┌─ Input material
lemma passive_team_partners_miss_end:
  assumes minima: "tranca_minima h0 s ms" and T_passes: "passive_team s ms T"
    and team: "T = {1, 3} \<or> T = {2, 4}" and k: "k < length ms" and turn: "player_at s k \<in> T"
    and ends: "ends (pos h0 s ms k) = Some (x, y)" and "x \<noteq> 0" and "y \<noteq> 0"
  obtains e where "e \<in> {1..6}"
    and "\<forall>t \<in> h0 (player_at s k) \<union> h0 (player_at s (Suc (Suc k))). \<not> matches t e"
proof -
  have game: "tranca_game h0 s ms" using minima unfolding tranca_minima_def by simp
  have T: "T \<subseteq> {1..4}" using team by auto
  have "ms ! k = Pass" using T_passes k turn unfolding passive_team_def by simp
  then have "Suc k < length ms" using tranca_game_Pass_not_last[OF game k] by simp
  have "pos h0 s ms (Suc (Suc k)) = apply_move (player_at s (Suc k)) (ms ! Suc k) (pos h0 s ms k)"
    using \<open>ms ! k = Pass\<close> by simp
  then obtain x' y' where ends': "ends (pos h0 s ms (Suc (Suc k))) = Some (x', y')"
    and "x' = x \<or> y' = y"
    using apply_move_keeps_an_end[OF ends] by metis
  define e where "e = (if x' = x then x else y)"
  have "wf_position h0 (pos h0 s ms k)" using tranca_game_wf_position[OF game] k by simp
  then have "x \<le> 6" "y \<le> 6" using ends unfolding wf_position_def ends_parity_def by auto
  then have e: "e \<in> {1..6}" "e \<in> {x, y}" "e \<in> {x', y'}"
    using \<open>x \<noteq> 0\<close> \<open>y \<noteq> 0\<close> \<open>x' = x \<or> y' = y\<close> unfolding e_def by auto
  then have "x' \<noteq> 0 \<or> y' \<noteq> 0" by auto
  with \<open>Suc k < length ms\<close> have "Suc (Suc k) < length ms"
    using tranca_minima_nonzero_end_not_final[OF minima _ ends'] by simp
  have "\<not> matches t e" if "t \<in> h0 (player_at s k)" for t
    using passive_team_Pass_no_match[OF game T_passes T k turn ends that] e(2) by auto
  moreover have "\<not> matches t e" if "t \<in> h0 (player_at s (Suc (Suc k)))" for t
    using passive_team_Pass_no_match[OF game T_passes T \<open>Suc (Suc k) < length ms\<close> _ ends' that]
      player_at_Suc_Suc_team[OF team turn] e(3) by auto
  ultimately show ?thesis using that e(1) by blast
qed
└─
## Exercise directions
With the line holding "using \<open>x \<noteq>" as the first and the line holding "using passive_team_Pass_no_match[OF game T_passes T \<open>Suc" as the last, set down that range of the entries above exactly, and nothing else.

## The completed task
    using \<open>x \<noteq> 0\<close> \<open>y \<noteq> 0\<close> \<open>x' = x \<or> y' = y\<close> unfolding e_def by auto
  then have "x' \<noteq> 0 \<or> y' \<noteq> 0" by auto
  with \<open>Suc k < length ms\<close> have "Suc (Suc k) < length ms"
    using tranca_minima_nonzero_end_not_final[OF minima _ ends'] by simp
  have "\<not> matches t e" if "t \<in> h0 (player_at s k)" for t
    using passive_team_Pass_no_match[OF game T_passes T k turn ends that] e(2) by auto
  moreover have "\<not> matches t e" if "t \<in> h0 (player_at s (Suc (Suc k)))" for t
    using passive_team_Pass_no_match[OF game T_passes T \<open>Suc (Suc k) < length ms\<close> _ ends' that]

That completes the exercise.